***** Material for this exercise

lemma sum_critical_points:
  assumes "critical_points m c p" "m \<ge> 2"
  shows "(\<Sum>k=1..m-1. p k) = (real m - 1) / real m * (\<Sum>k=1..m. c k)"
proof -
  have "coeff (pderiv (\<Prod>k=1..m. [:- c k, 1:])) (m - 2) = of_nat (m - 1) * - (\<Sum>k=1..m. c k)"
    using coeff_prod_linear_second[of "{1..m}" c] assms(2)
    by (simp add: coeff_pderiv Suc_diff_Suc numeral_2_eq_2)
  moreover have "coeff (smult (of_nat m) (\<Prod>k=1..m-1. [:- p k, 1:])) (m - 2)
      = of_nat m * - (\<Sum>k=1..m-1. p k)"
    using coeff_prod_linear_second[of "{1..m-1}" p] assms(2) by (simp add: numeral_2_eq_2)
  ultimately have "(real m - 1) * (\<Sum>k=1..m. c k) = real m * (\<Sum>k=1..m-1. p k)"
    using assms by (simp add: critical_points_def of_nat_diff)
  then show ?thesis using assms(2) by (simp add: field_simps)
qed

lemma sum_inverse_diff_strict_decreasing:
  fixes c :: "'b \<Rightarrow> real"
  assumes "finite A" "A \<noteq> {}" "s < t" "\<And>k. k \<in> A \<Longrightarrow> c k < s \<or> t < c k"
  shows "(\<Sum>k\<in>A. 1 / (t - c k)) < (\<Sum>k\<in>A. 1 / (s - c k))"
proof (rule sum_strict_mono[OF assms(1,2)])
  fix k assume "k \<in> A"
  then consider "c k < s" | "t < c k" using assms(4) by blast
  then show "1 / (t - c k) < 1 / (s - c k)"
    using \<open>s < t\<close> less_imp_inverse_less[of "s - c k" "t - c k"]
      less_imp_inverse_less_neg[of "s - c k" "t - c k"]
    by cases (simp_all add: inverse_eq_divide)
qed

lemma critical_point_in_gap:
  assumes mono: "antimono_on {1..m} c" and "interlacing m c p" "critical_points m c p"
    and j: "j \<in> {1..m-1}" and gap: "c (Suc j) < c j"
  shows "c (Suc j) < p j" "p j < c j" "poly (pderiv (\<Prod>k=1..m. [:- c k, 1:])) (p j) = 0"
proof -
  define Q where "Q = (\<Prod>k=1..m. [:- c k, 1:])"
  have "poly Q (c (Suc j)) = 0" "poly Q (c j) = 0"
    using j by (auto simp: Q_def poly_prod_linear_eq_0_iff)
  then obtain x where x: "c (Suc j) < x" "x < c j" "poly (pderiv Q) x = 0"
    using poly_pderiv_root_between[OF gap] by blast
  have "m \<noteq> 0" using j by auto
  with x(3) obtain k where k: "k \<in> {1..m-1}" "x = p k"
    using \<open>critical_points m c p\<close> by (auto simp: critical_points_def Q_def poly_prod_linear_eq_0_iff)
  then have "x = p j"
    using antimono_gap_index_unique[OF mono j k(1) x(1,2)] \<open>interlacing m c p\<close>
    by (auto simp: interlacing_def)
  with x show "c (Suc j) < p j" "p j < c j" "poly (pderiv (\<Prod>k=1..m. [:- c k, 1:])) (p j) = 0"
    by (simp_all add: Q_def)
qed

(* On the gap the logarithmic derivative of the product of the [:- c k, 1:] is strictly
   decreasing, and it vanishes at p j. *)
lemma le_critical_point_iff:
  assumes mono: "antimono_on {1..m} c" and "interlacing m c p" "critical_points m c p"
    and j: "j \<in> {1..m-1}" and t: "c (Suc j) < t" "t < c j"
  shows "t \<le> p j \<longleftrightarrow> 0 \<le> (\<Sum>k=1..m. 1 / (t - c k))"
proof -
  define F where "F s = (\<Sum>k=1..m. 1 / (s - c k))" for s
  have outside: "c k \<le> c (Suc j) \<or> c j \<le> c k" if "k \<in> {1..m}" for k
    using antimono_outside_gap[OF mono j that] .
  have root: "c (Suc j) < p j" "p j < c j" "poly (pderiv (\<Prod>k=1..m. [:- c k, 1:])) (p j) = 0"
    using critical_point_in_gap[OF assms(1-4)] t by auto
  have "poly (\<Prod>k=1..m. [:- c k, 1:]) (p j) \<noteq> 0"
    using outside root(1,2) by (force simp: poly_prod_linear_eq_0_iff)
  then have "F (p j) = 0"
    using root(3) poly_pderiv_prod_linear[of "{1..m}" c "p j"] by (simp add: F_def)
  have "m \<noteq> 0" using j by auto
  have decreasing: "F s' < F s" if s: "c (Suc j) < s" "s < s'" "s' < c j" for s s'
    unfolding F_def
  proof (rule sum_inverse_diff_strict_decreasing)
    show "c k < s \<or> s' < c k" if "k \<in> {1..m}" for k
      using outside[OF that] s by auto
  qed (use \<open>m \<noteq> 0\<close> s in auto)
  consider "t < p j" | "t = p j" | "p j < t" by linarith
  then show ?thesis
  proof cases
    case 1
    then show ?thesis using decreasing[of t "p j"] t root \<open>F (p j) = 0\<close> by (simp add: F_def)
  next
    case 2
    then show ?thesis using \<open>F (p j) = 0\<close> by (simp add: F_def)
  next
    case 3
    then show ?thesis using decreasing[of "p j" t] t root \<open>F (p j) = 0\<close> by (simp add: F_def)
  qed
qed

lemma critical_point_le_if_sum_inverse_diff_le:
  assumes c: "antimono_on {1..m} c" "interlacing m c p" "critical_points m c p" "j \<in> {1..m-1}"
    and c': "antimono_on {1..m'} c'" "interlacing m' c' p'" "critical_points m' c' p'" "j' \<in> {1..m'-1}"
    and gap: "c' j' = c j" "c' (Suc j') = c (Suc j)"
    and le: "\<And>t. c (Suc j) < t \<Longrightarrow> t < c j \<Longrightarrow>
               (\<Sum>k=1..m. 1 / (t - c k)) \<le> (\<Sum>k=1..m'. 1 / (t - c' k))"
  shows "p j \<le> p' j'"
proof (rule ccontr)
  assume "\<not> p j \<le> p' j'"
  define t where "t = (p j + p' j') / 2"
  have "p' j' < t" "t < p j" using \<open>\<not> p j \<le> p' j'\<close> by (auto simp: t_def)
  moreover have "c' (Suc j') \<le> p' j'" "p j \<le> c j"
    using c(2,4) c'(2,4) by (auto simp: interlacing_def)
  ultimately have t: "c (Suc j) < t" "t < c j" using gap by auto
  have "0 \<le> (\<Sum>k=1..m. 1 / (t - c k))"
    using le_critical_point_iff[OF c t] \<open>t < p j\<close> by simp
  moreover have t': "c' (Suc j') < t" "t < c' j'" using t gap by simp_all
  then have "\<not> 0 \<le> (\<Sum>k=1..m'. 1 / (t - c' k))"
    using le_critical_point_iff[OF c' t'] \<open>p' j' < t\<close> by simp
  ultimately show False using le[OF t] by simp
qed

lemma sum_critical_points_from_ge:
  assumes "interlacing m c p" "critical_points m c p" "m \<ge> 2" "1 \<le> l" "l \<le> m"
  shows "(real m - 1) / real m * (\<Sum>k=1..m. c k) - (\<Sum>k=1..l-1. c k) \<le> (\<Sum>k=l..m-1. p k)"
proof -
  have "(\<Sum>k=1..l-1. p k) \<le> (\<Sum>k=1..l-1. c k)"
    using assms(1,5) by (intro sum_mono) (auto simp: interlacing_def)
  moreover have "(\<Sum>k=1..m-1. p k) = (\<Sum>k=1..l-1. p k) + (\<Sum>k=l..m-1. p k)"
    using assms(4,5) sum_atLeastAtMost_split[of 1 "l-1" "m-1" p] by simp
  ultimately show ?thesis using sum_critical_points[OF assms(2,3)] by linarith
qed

**********
***** Material for this exercise

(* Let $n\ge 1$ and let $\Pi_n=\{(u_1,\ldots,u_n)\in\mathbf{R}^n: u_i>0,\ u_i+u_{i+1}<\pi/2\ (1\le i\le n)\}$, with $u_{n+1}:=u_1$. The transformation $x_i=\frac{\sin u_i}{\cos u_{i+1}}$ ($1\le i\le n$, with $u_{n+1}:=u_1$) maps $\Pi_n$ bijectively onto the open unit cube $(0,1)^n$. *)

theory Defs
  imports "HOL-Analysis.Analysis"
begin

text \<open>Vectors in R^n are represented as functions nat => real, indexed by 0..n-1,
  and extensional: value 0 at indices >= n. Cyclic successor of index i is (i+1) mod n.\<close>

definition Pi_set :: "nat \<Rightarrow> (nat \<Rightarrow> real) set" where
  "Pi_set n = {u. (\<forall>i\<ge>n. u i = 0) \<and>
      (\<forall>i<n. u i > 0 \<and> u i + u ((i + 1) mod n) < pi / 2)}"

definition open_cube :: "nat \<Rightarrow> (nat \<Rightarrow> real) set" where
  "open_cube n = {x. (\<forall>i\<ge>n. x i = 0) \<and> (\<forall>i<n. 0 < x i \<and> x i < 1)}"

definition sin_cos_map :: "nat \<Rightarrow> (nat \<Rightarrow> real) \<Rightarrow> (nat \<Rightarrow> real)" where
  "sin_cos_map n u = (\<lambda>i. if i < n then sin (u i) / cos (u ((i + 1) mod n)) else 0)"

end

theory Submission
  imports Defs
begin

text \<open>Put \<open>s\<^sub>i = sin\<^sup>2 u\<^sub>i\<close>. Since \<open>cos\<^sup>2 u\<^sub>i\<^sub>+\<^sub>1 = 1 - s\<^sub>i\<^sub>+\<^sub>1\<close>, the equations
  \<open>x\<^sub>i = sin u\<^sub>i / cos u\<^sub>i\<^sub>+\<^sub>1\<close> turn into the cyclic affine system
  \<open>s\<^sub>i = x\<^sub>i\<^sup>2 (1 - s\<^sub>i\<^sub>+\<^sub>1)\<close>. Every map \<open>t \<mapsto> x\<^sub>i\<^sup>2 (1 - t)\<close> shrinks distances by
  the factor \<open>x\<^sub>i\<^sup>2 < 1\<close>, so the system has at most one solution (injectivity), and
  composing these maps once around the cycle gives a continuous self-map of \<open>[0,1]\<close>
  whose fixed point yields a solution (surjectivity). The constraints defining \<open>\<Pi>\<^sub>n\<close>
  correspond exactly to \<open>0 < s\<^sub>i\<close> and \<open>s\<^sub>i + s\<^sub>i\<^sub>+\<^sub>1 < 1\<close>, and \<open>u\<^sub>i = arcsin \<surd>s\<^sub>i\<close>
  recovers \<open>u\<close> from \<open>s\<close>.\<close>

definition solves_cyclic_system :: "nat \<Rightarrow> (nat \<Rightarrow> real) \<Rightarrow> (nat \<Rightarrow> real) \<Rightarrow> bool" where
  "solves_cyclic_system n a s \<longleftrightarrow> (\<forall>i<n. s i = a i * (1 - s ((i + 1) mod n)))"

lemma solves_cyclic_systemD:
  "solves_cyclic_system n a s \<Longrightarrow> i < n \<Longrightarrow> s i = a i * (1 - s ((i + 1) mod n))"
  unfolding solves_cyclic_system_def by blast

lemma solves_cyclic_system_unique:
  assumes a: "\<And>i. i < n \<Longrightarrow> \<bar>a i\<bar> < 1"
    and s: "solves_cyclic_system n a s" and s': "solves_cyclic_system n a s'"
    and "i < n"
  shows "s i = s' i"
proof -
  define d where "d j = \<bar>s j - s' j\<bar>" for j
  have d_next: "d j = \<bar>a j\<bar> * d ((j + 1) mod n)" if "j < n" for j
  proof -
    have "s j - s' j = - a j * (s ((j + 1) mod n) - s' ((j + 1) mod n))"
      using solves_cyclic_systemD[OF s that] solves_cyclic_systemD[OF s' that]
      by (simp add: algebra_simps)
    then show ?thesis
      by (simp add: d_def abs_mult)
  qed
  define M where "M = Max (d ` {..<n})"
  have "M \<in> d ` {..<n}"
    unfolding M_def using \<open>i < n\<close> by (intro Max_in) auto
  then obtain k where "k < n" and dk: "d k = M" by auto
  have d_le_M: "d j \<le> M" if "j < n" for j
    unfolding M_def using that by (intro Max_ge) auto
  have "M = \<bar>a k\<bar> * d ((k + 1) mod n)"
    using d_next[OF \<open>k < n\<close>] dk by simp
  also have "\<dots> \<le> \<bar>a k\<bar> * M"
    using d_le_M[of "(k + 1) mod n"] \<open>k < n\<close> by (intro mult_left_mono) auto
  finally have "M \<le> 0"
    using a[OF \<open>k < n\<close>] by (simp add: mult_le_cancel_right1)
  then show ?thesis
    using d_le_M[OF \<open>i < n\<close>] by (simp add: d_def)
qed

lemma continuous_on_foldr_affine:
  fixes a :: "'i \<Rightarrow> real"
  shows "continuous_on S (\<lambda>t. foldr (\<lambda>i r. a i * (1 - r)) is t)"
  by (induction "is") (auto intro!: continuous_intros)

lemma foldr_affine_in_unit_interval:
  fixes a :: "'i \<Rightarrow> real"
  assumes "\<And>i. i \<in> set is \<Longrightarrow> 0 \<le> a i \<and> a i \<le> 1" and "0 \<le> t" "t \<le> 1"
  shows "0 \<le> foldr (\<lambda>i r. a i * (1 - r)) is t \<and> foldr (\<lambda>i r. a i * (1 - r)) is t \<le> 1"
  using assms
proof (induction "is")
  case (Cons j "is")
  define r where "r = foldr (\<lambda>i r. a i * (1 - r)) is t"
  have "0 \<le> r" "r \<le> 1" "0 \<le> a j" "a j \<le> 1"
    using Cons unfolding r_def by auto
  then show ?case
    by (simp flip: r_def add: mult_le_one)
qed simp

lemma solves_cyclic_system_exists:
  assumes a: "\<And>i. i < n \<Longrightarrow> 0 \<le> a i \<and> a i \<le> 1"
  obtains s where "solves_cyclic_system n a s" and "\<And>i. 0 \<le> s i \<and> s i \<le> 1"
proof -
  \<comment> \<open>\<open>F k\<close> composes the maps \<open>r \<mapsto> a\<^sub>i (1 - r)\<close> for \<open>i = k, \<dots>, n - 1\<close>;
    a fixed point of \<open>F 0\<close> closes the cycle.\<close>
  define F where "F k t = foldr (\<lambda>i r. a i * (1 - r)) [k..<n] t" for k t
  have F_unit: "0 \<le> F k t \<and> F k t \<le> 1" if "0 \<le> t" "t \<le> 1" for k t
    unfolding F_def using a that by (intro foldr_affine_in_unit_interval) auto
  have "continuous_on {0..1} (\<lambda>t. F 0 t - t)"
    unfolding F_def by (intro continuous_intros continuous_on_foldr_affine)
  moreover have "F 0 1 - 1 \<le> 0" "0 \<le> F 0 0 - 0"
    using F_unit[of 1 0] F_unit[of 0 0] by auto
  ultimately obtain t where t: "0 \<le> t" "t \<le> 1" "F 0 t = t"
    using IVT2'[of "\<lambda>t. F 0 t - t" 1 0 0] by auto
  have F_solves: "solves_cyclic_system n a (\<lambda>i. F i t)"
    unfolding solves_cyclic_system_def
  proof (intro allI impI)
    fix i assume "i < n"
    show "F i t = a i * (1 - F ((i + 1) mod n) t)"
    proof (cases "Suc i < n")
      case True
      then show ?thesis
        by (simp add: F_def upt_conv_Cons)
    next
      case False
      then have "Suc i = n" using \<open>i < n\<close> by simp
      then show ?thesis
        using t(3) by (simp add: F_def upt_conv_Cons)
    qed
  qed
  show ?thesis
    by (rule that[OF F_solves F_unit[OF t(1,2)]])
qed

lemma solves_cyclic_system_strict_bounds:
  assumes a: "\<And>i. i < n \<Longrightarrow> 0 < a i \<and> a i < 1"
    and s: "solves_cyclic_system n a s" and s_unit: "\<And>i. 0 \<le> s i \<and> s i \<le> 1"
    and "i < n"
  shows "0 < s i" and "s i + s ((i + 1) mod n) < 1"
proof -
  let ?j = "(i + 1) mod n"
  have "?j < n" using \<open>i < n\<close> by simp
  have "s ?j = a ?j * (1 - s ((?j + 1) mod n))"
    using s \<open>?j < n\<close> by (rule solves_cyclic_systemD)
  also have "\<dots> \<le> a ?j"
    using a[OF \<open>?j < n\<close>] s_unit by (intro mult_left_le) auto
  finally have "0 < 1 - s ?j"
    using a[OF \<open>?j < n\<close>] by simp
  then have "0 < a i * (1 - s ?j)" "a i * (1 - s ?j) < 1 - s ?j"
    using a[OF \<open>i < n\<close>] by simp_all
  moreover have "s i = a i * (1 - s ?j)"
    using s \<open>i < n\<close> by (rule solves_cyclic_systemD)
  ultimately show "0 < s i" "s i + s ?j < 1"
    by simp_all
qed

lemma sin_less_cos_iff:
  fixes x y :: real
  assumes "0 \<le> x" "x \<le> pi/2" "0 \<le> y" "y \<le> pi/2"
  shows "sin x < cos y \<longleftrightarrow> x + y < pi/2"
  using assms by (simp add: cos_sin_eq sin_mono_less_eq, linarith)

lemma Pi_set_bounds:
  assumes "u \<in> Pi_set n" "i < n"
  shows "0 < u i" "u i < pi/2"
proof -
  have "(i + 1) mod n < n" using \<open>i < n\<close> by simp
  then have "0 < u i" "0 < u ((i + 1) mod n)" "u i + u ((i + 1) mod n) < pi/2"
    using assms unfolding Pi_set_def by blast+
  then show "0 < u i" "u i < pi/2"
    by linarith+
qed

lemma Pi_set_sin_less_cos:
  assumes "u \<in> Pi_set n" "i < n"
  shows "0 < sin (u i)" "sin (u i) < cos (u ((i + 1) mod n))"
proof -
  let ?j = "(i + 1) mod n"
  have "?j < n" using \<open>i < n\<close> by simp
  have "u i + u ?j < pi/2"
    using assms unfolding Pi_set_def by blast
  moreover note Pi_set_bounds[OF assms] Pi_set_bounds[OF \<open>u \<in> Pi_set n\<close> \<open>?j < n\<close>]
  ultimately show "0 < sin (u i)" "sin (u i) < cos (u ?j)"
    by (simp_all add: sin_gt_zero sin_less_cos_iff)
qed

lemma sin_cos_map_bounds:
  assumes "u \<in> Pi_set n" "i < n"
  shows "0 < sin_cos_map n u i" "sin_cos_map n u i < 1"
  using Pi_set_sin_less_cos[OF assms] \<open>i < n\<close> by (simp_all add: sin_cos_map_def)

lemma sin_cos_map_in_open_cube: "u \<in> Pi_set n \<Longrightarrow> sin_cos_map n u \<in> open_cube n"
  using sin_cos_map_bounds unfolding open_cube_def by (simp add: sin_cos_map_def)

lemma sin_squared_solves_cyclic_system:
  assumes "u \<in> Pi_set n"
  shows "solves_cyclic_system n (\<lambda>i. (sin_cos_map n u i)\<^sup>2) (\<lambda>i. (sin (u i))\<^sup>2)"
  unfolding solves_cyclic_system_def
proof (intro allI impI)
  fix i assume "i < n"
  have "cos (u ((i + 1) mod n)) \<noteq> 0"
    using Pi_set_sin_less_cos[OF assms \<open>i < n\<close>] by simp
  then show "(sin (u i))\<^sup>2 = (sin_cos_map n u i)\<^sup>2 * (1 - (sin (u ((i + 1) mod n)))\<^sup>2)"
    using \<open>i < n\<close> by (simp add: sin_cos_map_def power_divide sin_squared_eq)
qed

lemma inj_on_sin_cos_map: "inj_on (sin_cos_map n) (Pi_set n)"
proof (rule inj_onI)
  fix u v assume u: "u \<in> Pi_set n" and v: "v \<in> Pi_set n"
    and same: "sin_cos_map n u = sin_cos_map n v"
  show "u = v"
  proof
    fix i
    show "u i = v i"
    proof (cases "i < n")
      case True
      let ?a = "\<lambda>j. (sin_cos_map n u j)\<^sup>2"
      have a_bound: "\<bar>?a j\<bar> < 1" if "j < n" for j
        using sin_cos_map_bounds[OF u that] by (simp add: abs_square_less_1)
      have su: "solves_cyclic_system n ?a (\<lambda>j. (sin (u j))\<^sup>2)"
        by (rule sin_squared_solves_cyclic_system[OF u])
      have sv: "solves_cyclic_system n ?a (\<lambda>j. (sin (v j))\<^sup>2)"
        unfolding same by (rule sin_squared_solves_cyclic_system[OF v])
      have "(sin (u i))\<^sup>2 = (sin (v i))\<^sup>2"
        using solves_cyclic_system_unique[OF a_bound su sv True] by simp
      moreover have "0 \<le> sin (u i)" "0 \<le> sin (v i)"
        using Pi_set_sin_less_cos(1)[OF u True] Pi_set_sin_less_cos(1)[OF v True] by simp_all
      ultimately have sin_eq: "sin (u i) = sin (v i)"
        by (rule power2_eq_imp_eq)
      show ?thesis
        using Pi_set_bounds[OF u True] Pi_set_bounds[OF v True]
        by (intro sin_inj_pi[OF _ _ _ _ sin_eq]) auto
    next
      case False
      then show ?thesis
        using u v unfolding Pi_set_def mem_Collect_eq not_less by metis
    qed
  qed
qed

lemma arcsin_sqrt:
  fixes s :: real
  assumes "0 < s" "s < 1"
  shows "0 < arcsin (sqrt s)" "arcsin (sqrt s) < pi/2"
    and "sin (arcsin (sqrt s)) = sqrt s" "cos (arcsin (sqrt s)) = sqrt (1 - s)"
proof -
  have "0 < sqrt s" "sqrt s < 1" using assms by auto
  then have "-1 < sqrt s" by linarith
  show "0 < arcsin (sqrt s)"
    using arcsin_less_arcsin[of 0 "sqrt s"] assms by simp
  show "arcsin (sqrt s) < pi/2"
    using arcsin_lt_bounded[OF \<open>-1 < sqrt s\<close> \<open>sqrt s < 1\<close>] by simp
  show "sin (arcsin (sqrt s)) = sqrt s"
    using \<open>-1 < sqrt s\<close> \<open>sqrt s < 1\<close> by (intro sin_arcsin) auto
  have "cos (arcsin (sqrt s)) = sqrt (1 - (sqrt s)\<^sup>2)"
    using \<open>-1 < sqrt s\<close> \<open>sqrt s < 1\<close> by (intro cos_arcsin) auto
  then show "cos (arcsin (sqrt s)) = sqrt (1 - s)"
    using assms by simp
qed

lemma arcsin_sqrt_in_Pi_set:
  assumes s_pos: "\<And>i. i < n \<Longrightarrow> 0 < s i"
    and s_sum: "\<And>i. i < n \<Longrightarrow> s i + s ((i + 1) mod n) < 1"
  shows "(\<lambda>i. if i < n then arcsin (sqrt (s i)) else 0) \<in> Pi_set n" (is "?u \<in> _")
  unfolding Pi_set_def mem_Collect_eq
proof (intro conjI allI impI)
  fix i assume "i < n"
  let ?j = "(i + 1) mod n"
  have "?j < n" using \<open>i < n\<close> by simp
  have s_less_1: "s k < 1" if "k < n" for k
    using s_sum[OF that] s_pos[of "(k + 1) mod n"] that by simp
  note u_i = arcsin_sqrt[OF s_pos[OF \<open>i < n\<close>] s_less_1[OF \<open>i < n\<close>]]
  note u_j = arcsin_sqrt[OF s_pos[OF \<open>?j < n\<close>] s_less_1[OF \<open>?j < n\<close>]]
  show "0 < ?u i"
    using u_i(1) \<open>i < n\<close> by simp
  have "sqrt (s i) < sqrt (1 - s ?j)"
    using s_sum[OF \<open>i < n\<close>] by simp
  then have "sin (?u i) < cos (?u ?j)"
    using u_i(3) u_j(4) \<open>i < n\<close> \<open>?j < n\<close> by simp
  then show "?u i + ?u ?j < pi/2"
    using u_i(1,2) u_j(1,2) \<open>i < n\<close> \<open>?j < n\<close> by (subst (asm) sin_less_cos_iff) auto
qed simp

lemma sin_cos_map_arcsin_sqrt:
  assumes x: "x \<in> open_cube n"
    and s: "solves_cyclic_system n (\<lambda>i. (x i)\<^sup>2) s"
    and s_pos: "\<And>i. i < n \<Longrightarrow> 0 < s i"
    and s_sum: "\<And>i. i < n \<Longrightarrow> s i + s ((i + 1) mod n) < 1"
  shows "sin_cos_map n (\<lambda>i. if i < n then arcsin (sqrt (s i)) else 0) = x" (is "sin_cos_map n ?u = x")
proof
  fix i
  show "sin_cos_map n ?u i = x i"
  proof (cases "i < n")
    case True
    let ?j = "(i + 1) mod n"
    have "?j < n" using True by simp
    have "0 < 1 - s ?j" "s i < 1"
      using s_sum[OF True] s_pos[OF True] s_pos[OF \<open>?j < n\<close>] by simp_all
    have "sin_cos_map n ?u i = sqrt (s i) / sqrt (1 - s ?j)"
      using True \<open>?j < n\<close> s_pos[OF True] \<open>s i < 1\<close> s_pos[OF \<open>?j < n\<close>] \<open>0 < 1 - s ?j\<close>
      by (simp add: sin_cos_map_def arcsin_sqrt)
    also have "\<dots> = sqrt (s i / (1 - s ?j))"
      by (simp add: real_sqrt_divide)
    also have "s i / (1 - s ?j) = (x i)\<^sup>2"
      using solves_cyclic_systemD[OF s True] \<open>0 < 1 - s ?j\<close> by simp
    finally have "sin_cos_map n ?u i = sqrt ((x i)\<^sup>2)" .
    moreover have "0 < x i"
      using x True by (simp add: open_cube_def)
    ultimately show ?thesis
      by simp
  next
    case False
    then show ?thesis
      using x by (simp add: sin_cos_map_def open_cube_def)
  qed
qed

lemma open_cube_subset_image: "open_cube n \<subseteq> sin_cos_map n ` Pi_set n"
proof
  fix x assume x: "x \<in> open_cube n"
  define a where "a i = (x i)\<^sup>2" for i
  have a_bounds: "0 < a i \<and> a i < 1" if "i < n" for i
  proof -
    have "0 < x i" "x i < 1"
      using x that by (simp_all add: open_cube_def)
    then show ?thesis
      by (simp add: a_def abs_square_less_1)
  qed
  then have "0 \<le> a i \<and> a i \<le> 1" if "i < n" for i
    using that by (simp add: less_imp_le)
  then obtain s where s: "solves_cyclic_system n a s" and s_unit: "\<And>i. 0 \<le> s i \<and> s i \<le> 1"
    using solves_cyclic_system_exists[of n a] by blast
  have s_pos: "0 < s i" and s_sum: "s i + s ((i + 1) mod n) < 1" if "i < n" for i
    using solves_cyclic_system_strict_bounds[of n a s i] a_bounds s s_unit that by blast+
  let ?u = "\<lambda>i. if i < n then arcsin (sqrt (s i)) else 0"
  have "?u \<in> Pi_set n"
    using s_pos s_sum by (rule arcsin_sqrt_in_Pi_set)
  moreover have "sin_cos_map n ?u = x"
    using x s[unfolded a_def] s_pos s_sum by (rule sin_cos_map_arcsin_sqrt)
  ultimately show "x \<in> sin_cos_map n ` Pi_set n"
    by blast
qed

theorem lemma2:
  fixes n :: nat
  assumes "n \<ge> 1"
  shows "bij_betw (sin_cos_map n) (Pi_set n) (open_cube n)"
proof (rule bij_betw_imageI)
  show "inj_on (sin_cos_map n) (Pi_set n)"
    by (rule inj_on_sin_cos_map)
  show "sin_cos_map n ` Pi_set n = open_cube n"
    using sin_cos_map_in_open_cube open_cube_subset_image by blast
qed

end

**********

## Problem description
Could you please give the number of lines in the data above that contain the word "with"? Only the number is needed.

## Answer to this task
3